A major accomplishment in FY06 was that ESSL scientists, with external collaborators, played a role not only in CMEP, but in describing, documenting and analyzing the CCSM-3 for the broader climate research community. In particular, results from the CCSM-3 have been documented in two special issues of leading journals. The software engineering aspects of CCSM3, including its performance and portability, were documented in a special issue of the Journal for High Performance Computing Applications. In addition, 26 original research papers from nearly 100 authors, nearly half of whom come from outside of NCAR, appeared in a special issue of the Journal of Climate. The papers include an overview of CCSM-3; descriptions of the climate state for each component model; documentation of the responses of the model to past, present, and future forcing states; an evaluation of the major coupled modes of variability; and a documentation of the climate sensitivity of the model. In general, the climate for present-day conditions produced by CCSM-3 has greater fidelity to the observed climate than do simulations from previous generations of CCSM.

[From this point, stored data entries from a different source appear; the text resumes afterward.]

lemma FQ_legal_sum_less_top:
  assumes smaller: "\<And>i T. i < j \<Longrightarrow> T \<subseteq> S \<Longrightarrow> T \<subseteq> {1..i} \<Longrightarrow> sum quilt T < quilt (i + 3)"
    and legal: "FQ_legal_set S" and S: "S \<subseteq> {1..j}" and top: "j \<in> S"
  shows "sum quilt S < quilt (j + 3)"
proof -
  have fin: "finite S" using legal by (simp add: FQ_legal_set_iff)
  from legal S top show ?thesis
  proof (cases rule: FQ_legal_top_cases)
    case 1
    have rest: "sum quilt (S - {j}) < quilt (j + 1)"
    proof (cases "S - {j} = {}")
      case False
      then have "5 < j" using 1 by (rule nonempty_subset_atLeastAtMost_diff)
      then have "sum quilt (S - {j}) < quilt (j - 5 + 3)" using smaller[of "j - 5" "S - {j}"] 1 by simp
      also have "\<dots> \<le> quilt (j + 1)" using \<open>5 < j\<close> by simp
      finally show ?thesis .
    next
      case True
      show ?thesis unfolding True by (simp add: quilt_pos)
    qed
    have "quilt j + quilt (j + 1) \<le> quilt (j + 3)"
    proof (cases "2 \<le> j")
      case True
      then show ?thesis using quilt_rec[of "j + 3"] by simp
    next
      case False
      then show ?thesis using quilt_small[of j] quilt_small[of "j + 1"] quilt_small[of "j + 3"] by simp
    qed
    then show ?thesis using rest sum.remove[OF fin top, of quilt] by simp
  next
    case 2
    have rest: "sum quilt (S - {j, j - 2}) < quilt (j - 1)"
    proof (cases "S - {j, j - 2} = {}")
      case False
      then have "7 < j" using 2(3) by (rule nonempty_subset_atLeastAtMost_diff)
      then have "sum quilt (S - {j, j - 2}) < quilt (j - 7 + 3)"
        using smaller[of "j - 7" "S - {j, j - 2}"] 2 by simp
      also have "\<dots> \<le> quilt (j - 1)" using \<open>7 < j\<close> by simp
      finally show ?thesis .
    next
      case True
      show ?thesis unfolding True using 2 by (simp add: quilt_pos)
    qed
    have "quilt (j + 3) = quilt (j - 1) + quilt (j - 2) + quilt j"
      using quilt_rec[of "j + 3"] quilt_rec[of "j + 1"] 2 by simp
    then show ?thesis using rest sum_remove_two[OF fin top 2(2), of quilt] 2(1) by simp
  qed
qed

lemma FQ_legal_sum_less:
  "FQ_legal_set S \<Longrightarrow> S \<subseteq> {1..j} \<Longrightarrow> sum quilt S < quilt (j + 3)"
proof (induction j arbitrary: S rule: less_induct)
  case (less j)
  note legal = less.prems(1) and S = less.prems(2)
  have smaller: "sum quilt T < quilt (i + 3)" if "i < j" "T \<subseteq> S" "T \<subseteq> {1..i}" for i T
    using less.IH[OF that(1) FQ_legal_set_subset[OF legal that(2)] that(3)] .
  show ?case
  proof (cases "j \<in> S")
    case True
    with smaller legal S show ?thesis by (rule FQ_legal_sum_less_top)
  next
    case False
    with S have S': "S \<subseteq> {1..j - 1}" by (rule subset_atLeastAtMost_pred)
    show ?thesis
    proof (cases "S = {}")
      case False
      then have "1 \<le> j - 1" using S' by auto
      then have "sum quilt S < quilt (j - 1 + 3)" using smaller[of "j - 1" S] S' by simp
      also have "\<dots> \<le> quilt (j + 3)" by simp
      finally show ?thesis .
    qed (simp add: quilt_pos)
  qed
qed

Another accomplishment of the past year was the production of a coupled integration that is as good as that from the CCSM-3, but using the Finite Volume (FV) dynamical core in the atmosphere component. Previous attempts using the FV core had produced a too cold Arctic climate and too much sea ice, especially in the Labrador Sea. This was corrected by changing the horizontal viscosity parameterization in the ocean component, which produced a much more realistic, warmer climate in the central Labrador Sea. The sea ice distributions from the new FV version and the released CCSM-3 version are very comparable (Figure 1). The new coupled run using the FV core was run out for 410 years, and this version of the CCSM will now form the basis for future model development. Using the FV core is very important when chemistry is added to the model, for example, because of its conservation properties.

A third accomplishment has been made by the CCSM Software Engineering Group (CSEG). A single executable version of the multiple-executable (MPMD), concurrent CCSM has been produced and validated. The single executable implementation is easier to port and debug than the MPMD version, and it will also be able to run on machines that do not currently support MPMD implementations, such as the NCAR IBM BlueGene/L.

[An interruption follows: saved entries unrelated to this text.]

lemma finite_fvol_of_card: "finite {fvol A | A :: int set. finite A \<and> card A = k}"
proof -
  let ?U = "{..<k} \<times> {..<k} \<times> {..<k} \<times> {..<k}"
  let ?rep = "\<lambda>P. SOME A :: int set. finite A \<and> card A = k \<and> addition_pattern A = P"
  have "{fvol A | A :: int set. finite A \<and> card A = k} \<subseteq> (fvol \<circ> ?rep) ` Pow ?U"
  proof
    fix v assume "v \<in> {fvol A | A :: int set. finite A \<and> card A = k}"
    then obtain A :: "int set" where A: "finite A" "card A = k" and v: "v = fvol A" by blast
    have "finite (?rep (addition_pattern A)) \<and> card (?rep (addition_pattern A)) = k \<and>
          addition_pattern (?rep (addition_pattern A)) = addition_pattern A"
      by (rule someI[of _ A]) (use A in auto)
    then have "fvol A = fvol (?rep (addition_pattern A))"
      using A by (metis F2_isomorphic_if_same_pattern F2_isomorphic_fvol_eq)
    moreover have "addition_pattern A \<in> Pow ?U" using A unfolding addition_pattern_def by auto
    ultimately show "v \<in> (fvol \<circ> ?rep) ` Pow ?U" using v by auto
  qed
  then show ?thesis by (rule finite_subset) simp
qed

lemma fvol_le_vol_max:
  fixes A :: "int set"
  assumes "A \<subseteq> {0..}" "finite A"
  shows "fvol A \<le> vol_max (card A) (card (sumset A A)) (fdim A)"
  unfolding vol_max_def
proof (rule cSup_upper)
  show "bdd_above {fvol A' | A' :: int set. A' \<subseteq> {0..} \<and> finite A' \<and> card A' = card A \<and>
      card (sumset A' A') = card (sumset A A) \<and> fdim A' = fdim A}"
    by (rule bdd_above_finite, rule finite_subset[OF _ finite_fvol_of_card[of "card A"]]) blast
  show "fvol A \<in> {fvol A' | A' :: int set. A' \<subseteq> {0..} \<and> finite A' \<and> card A' = card A \<and>
      card (sumset A' A') = card (sumset A A) \<and> fdim A' = fdim A}"
    using assms by (intro CollectI exI[of _ A]) simp
qed

section \<open>Lattice points in convex hulls\<close>

lemma vec2_add [simp]: "vec2 a b + vec2 c d = vec2 (a + c) (b + d)"
  by (simp add: vec2_def fun_eq_iff)

lemma vec2_eq_iff [simp]: "vec2 a b = vec2 c d \<longleftrightarrow> a = c \<and> b = d"
proof
  assume "vec2 a b = vec2 c d"
  then have "vec2 a b 0 = vec2 c d 0" "vec2 a b 1 = vec2 c d 1" by simp_all
  then show "a = c \<and> b = d" by (simp add: vec2_def)
qed simp

lemma vec2_in_lattice: "vec2 a b \<in> lattice 2" "vec2 a 0 \<in> lattice 1"
  by (auto simp: vec2_def lattice_def)

lemma lattice_1_eq_vec2: "p \<in> lattice 1 \<Longrightarrow> p = vec2 (p 0) 0"
  by (auto simp: vec2_def lattice_def fun_eq_iff)

lemma lattice_2_eq_vec2: "p \<in> lattice 2 \<Longrightarrow> p = vec2 (p 0) (p 1)"
  by (auto simp: vec2_def lattice_def fun_eq_iff)

lemma in_conv_linear_le:
  assumes "in_conv B p" "\<And>b. b \<in> B \<Longrightarrow> (\<Sum>i\<in>I. c i * real_of_int (b i)) \<le> r"
  shows "(\<Sum>i\<in>I. c i * real_of_int (p i)) \<le> r"
proof -
  obtain u where u0: "\<forall>b\<in>B. u b \<ge> 0" and u1: "(\<Sum>b\<in>B. u b) = 1"
    and up: "\<forall>i. (\<Sum>b\<in>B. u b * real_of_int (b i)) = real_of_int (p i)"
    using assms(1) unfolding in_conv_def by blast
  have "(\<Sum>i\<in>I. c i * real_of_int (p i)) = (\<Sum>i\<in>I. c i * (\<Sum>b\<in>B. u b * real_of_int (b i)))"
    using up by simp
  also have "\<dots> = (\<Sum>b\<in>B. u b * (\<Sum>i\<in>I. c i * real_of_int (b i)))"
    by (simp add: sum_distrib_left sum.swap[of _ I] algebra_simps)
  also have "\<dots> \<le> (\<Sum>b\<in>B. u b * r)"
    by (rule sum_mono) (use u0 assms(2) in \<open>simp add: mult_left_mono\<close>)
  also have "\<dots> = r" using u1 by (simp add: sum_distrib_right[symmetric])
  finally show ?thesis .
qed

lemma in_conv_coord_le:
  assumes "in_conv B p" "\<And>b. b \<in> B \<Longrightarrow> b i \<le> r"
  shows "p i \<le> r"
  using in_conv_linear_le[OF assms(1), where I="{i}" and c="\<lambda>_. 1" and r=r] assms(2) by simp

lemma in_conv_coord_ge:
  assumes "in_conv B p" "\<And>b. b \<in> B \<Longrightarrow> r \<le> b i"
  shows "r \<le> p i"
  using in_conv_linear_le[OF assms(1), where I="{i}" and c="\<lambda>_. -1" and r="- r"] assms(2)
  by simp

lemma in_conv_segment:
  fixes \<alpha> :: real
  assumes "finite B" "q \<in> B" "r \<in> B" "0 \<le> \<alpha>" "\<alpha> \<le> 1"
    and "\<And>i. real_of_int (p i) = \<alpha> * q i + (1 - \<alpha>) * r i"
  shows "in_conv B p"
proof -
  define u where "u c = (if c = q then \<alpha> else 0) + (if c = r then 1 - \<alpha> else 0)" for c
  have sum_u: "(\<Sum>c\<in>B. u c * f c) = \<alpha> * f q + (1 - \<alpha>) * f r" for f :: "(nat \<Rightarrow> int) \<Rightarrow> real"
    using assms(1-3)
    by (simp add: u_def distrib_right sum.distrib if_distrib[of "\<lambda>x. x * _"] cong: if_cong)
  show ?thesis unfolding in_conv_def
  proof (intro exI[of _ u] conjI allI ballI)
    show "0 \<le> u c" for c using assms(4,5) by (simp add: u_def)
    show "sum u B = 1" using sum_u[of "\<lambda>_. 1"] by simp
    show "(\<Sum>c\<in>B. u c * real_of_int (c i)) = real_of_int (p i)" for i
      using sum_u[of "\<lambda>c. real_of_int (c i)"] assms(6) by simp
  qed
qed

lemma in_conv_member: "finite B \<Longrightarrow> b \<in> B \<Longrightarrow> in_conv B b"
  by (rule in_conv_segment[of B b b 1]) simp_all

lemma finite_hull_lattice_points:
  assumes "finite B"
  shows "finite {p \<in> lattice d. in_conv B p}"
proof -
  define M where "M = (\<Sum>b\<in>B. \<Sum>i<d. \<bar>b i\<bar>)"
  have bound: "\<bar>b i\<bar> \<le> M" if "b \<in> B" "i < d" for b i
  proof -
    have "\<bar>b i\<bar> \<le> (\<Sum>i<d. \<bar>b i\<bar>)" using that by (intro member_le_sum) auto
    also have "\<dots> \<le> M" unfolding M_def using that assms
      by (intro member_le_sum) (auto intro: sum_nonneg)
    finally show ?thesis .
  qed
  let ?S = "{p \<in> lattice d. in_conv B p}"
  let ?coords = "\<lambda>p. map p [0..<d]"
  have "?coords p \<in> {xs. set xs \<subseteq> {-M..M} \<and> length xs = d}" if "p \<in> ?S" for p
  proof -
    have conv: "in_conv B p" using that by simp
    have "- M \<le> p i" "p i \<le> M" if "i < d" for i
      using in_conv_coord_ge[OF conv, of "- M" i] in_conv_coord_le[OF conv, of i M] bound[OF _ that]
      by fastforce+
    then show ?thesis by auto
  qed
  then have "?coords ` ?S \<subseteq> {xs. set xs \<subseteq> {-M..M} \<and> length xs = d}" by blast
  then have "finite (?coords ` ?S)"
    by (rule finite_subset) (rule finite_lists_length_eq, simp)
  moreover have "inj_on ?coords ?S"
  proof (rule inj_onI, rule ext)
    fix p q i assume "p \<in> ?S" "q \<in> ?S" "?coords p = ?coords q"
    then show "p i = q i"
      by (cases "i < d") (auto simp: lattice_def dest: map_eq_imp_length_eq nth_map_upt)
  qed
  ultimately show ?thesis using finite_imageD by blast
qed

lemma card_le_hull_points:
  assumes "finite B" "B \<subseteq> lattice d"
  shows "card B \<le> hull_points d B"
  unfolding hull_points_def
  by (rule card_mono[OF finite_hull_lattice_points[OF assms(1)]])
     (use assms in_conv_member in blast)

lemma hull_points_ge_card:
  assumes "finite A" "B \<subseteq> lattice d" "F2_isomorphic A B"
  shows "card A \<le> hull_points d B"
proof -
  obtain \<phi> where "bij_betw \<phi> A B" using assms(3) by (blast elim: F2_isomorphicE)
  then have "card B = card A" "finite B"
    using assms(1) by (auto simp: bij_betw_same_card bij_betw_finite)
  then show ?thesis using card_le_hull_points assms(2) by metis
qed

lemma hull_points_1_ge:
  assumes "finite B" "B \<subseteq> lattice 1" "q \<in> B" "r \<in> B"
  shows "nat \<bar>r 0 - q 0\<bar> + 1 \<le> hull_points 1 B"
proof -
  have ordered: "nat (r 0 - q 0) + 1 \<le> hull_points 1 B"
    if qr: "q \<in> B" "r \<in> B" and le: "q 0 \<le> r 0" for q r
  proof -
    have in_hull: "in_conv B (vec2 z 0)" if "q 0 \<le> z" "z \<le> r 0" for z
    proof (rule in_conv_segment[OF assms(1) qr])
      \<comment> \<open>if \<open>q 0 = r 0\<close>, division by zero gives \<open>\<alpha> = 0\<close>, which still works\<close>
      define \<alpha> :: real where "\<alpha> = (r 0 - z) / (r 0 - q 0)"
      show "0 \<le> \<alpha>" using that unfolding \<alpha>_def by simp
      show "\<alpha> \<le> 1" using that unfolding \<alpha>_def by (auto simp: divide_le_eq_1)
      have "\<alpha> * (r 0 - q 0) = r 0 - z"
        using that by (cases "q 0 = r 0") (auto simp: \<alpha>_def)
      then have z: "z = \<alpha> * q 0 + (1 - \<alpha>) * r 0" by (simp add: algebra_simps)
      have "q i = 0" "r i = 0" if "i \<noteq> 0" for i
        using assms(2) qr that by (auto simp: lattice_def)
      then show "real_of_int (vec2 z 0 i) = \<alpha> * q i + (1 - \<alpha>) * r i" for i
        using z by (simp add: vec2_def)
    qed
    have "card {q 0..r 0} = card ((\<lambda>z. vec2 z 0) ` {q 0..r 0})"
      by (rule card_image[symmetric]) (simp add: inj_on_def)
    also have "\<dots> \<le> hull_points 1 B" unfolding hull_points_def
      by (rule card_mono[OF finite_hull_lattice_points[OF assms(1)]])
         (use in_hull vec2_in_lattice in auto)
    finally show ?thesis using le by simp
  qed
  show ?thesis
    using ordered[OF assms(3,4)] ordered[OF assms(4,3)] by (cases "q 0 \<le> r 0") auto
qed

lemma hull_points_1_le:
  assumes "X \<subseteq> {a..b}"
  shows "hull_points 1 ((\<lambda>z. vec2 z 0) ` X) \<le> nat (b - a + 1)"
proof -
  have "{p \<in> lattice 1. in_conv ((\<lambda>z. vec2 z 0) ` X) p} \<subseteq> (\<lambda>z. vec2 z 0) ` {a..b}"
  proof clarify
    fix p assume p: "p \<in> lattice 1" "in_conv ((\<lambda>z. vec2 z 0) ` X) p"
    have bounds: "a \<le> c 0" "c 0 \<le> b" if "c \<in> (\<lambda>z. vec2 z 0) ` X" for c
      using that assms by (auto simp: vec2_def)
    have "a \<le> p 0" by (rule in_conv_coord_ge[OF p(2)]) (rule bounds)
    moreover have "p 0 \<le> b" by (rule in_conv_coord_le[OF p(2)]) (rule bounds)
    ultimately show "p \<in> (\<lambda>z. vec2 z 0) ` {a..b}" using lattice_1_eq_vec2[OF p(1)] by auto
  qed
  then have "hull_points 1 ((\<lambda>z. vec2 z 0) ` X) \<le> card ((\<lambda>z. vec2 z 0) ` {a..b})"
    unfolding hull_points_def by (intro card_mono) auto
  also have "\<dots> \<le> nat (b - a + 1)" using card_image_le[of "{a..b}"] by simp
  finally show ?thesis .
qed

definition two_rows :: "nat \<Rightarrow> nat \<Rightarrow> (nat \<Rightarrow> int) set" where
  "two_rows k1 k2 = {vec2 x 0 | x. 0 \<le> x \<and> x < int k1} \<union> {vec2 x 1 | x. 0 \<le> x \<and> x < int k2}"

lemma two_rows_eq_image:
  "two_rows k1 k2 = (\<lambda>x. vec2 x 0) ` {0..<int k1} \<union> (\<lambda>x. vec2 x 1) ` {0..<int k2}"
  unfolding two_rows_def by auto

CSEG has ported CCSM to the Oak Ridge National Laboratory (ORNL) Cray X1 and Cray XT3 and the NCAR IBM Linux Cluster. Current work is underway to port CCSM to the NCAR IBM Bluegene/L. CSEG has also put in place numerous infrastructure improvements. A new testing framework has been implemented to ensure system robustness as new science is incorporated across model components. A new model run database is being created that will permit CCSM runs to be easily reproduced, searched and documented. And a user-friendly performance utility has been created that provides users with the capability of easily determining the optimal load-balanced configuration for their production runs.

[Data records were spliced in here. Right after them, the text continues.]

lemma span_cycles_spans_eq_image:
  assumes J: "\<forall>s\<in>J. is_span n s" and x0: "x0 \<in> coord_space {..<r}" "Phi x0 = 0"
  shows "C.span (\<Union> (cycles_span n V E ` J)) = Phi ` ((\<lambda>z. z + x0) ` coord_space (factors_below J))"
    (is "?W = Phi ` ((\<lambda>z. z + x0) ` ?K)")
proof
  show "?W \<subseteq> Phi ` ((\<lambda>z. z + x0) ` ?K)"
  proof
    fix w assume w: "w \<in> ?W"
    hence "w \<in> Phi ` coord_space {..<r}" using span_cycles_spans_subset unfolding cycles_eq_image by blast
    then obtain x where x: "x \<in> coord_space {..<r}" "Phi x = w" by blast
    have "x - x0 \<in> ?K" using span_cycles_spans_coeffs[OF J x0 w x] .
    moreover have "x = (x - x0) + x0" by simp
    ultimately show "w \<in> Phi ` ((\<lambda>z. z + x0) ` ?K)" using x(2) by blast
  qed
  show "Phi ` ((\<lambda>z. z + x0) ` ?K) \<subseteq> ?W"
  proof
    fix w assume "w \<in> Phi ` ((\<lambda>z. z + x0) ` ?K)"
    then obtain z where z: "z \<in> ?K" "w = Phi (z + x0)" by blast
    have "factors_below J \<subseteq> {..<r}" unfolding factors_below_def by blast
    hence "z + x0 \<in> coord_space {..<r}" using coord_space_add[OF coord_space_mono[OF z(1)] x0(1)] by simp
    moreover have "z + x0 - x0 \<in> ?K" using z by simp
    ultimately show "w \<in> ?W" using coeffs_in_span_cycles_spans[OF J x0] z(2) by blast
  qed
qed

lemma dim_span_cycles_spans:
  assumes "finite (UNIV :: 'a set)" "\<forall>s\<in>J. is_span n s"
  shows "cdim sc (C.span (\<Union> (cycles_span n V E ` J))) = card (factors_below J)"
proof -
  let ?W = "C.span (\<Union> (cycles_span n V E ` J))"
  let ?K = "coord_space (factors_below J) :: (nat \<Rightarrow> 'a) set"
  obtain x0 where x0: "x0 \<in> coord_space {..<r}" "Phi x0 = 0"
    using Phi_surj[OF C.subspace_0[OF cycles_subspace[OF vs lin]]] by blast
  have below_r: "factors_below J \<subseteq> {..<r}" unfolding factors_below_def by blast
  have "inj_on Phi (coord_space {..<r})" by (rule inj_onI) (rule Phi_inj)
  moreover have "(\<lambda>z. z + x0) ` ?K \<subseteq> coord_space {..<r}"
    using coord_space_add[OF coord_space_mono[OF _ below_r] x0(1)] by blast
  ultimately have "inj_on Phi ((\<lambda>z. z + x0) ` ?K)" by (rule inj_on_subset)
  moreover have "inj_on (\<lambda>z. z + x0) ?K" by (rule inj_onI) simp
  ultimately have "card ?W = card ?K"
    unfolding span_cycles_spans_eq_image[OF assms(2) x0] by (simp add: card_image)
  also have "\<dots> = card (UNIV :: 'a set) ^ card (factors_below J)"
    by (rule card_coord_space) (use below_r finite_subset in blast)
  finally have card: "card ?W = card (UNIV :: 'a set) ^ card (factors_below J)" .
  have "finite (cycles n V E)"
    unfolding cycles_eq_image by (rule finite_imageI, rule finite_coord_space[OF _ assms(1)]) simp
  hence "finite ?W" using span_cycles_spans_subset finite_subset by blast
  thus ?thesis unfolding cdim_def using C.dim_eq_if_card[OF assms(1) _ _ card] by simp
qed

lemma cdim_cycles_span:
  assumes "finite (UNIV :: 'a set)" "is_span n s"
  shows "cdim sc (cycles_span n V E s) = card {k. k < r \<and> span_le n (fspan k) s}"
proof -
  have span_eq: "C.span (\<Union> (cycles_span n V E ` {s})) = cycles_span n V E s"
    using C.span_eq_iff[of "cycles_span n V E s"] cycles_span_subspace[OF vs lin] by simp
  have "cdim sc (cycles_span n V E s) = card (factors_below {s})"
    using dim_span_cycles_spans[OF assms(1), of "{s}"] assms(2) unfolding span_eq by simp
  thus ?thesis unfolding factors_below_def by simp
qed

In FY06, the CCSM data models were completely rewritten to ensure uniform functionality and code re-use across all data model components. In addition, new slab-ocean functionality was added to the data ocean model. The new data models have been an integral part of the land component inter-comparison and the biogeochemistry spin-up experiments. Significant progress has also been made in the creation of a sequential, single-executable CCSM. The goal is to create a sequential system that contains backwards compatibility with the current concurrent system, provides "plug and play" capability of data and active components and produces the same climate as the current concurrent system.

Plans for FY 2007

One of the higher-priority short-term activities of the CCSM program is a concerted effort to address systematic model biases in the tropics on seasonal and longer time scales, such as the appearance of a double Inter-Tropical Convergence Zone (Figure 2) and warm sea surface temperatures (SST) under the stratocumulus regions off the west coasts of North America, South America and Africa. Several hypothesis-driven activities are under way in collaboration with colleagues outside of NCAR to address such biases, which are common in other global models as well. In addition, new collaborative efforts have started within ESSL to examine, in climate simulations with embedded regional models, the importance of explicitly resolving mesoscale and microscale processes that govern weather and local climate but that may also have significant impacts on the large-scale circulation.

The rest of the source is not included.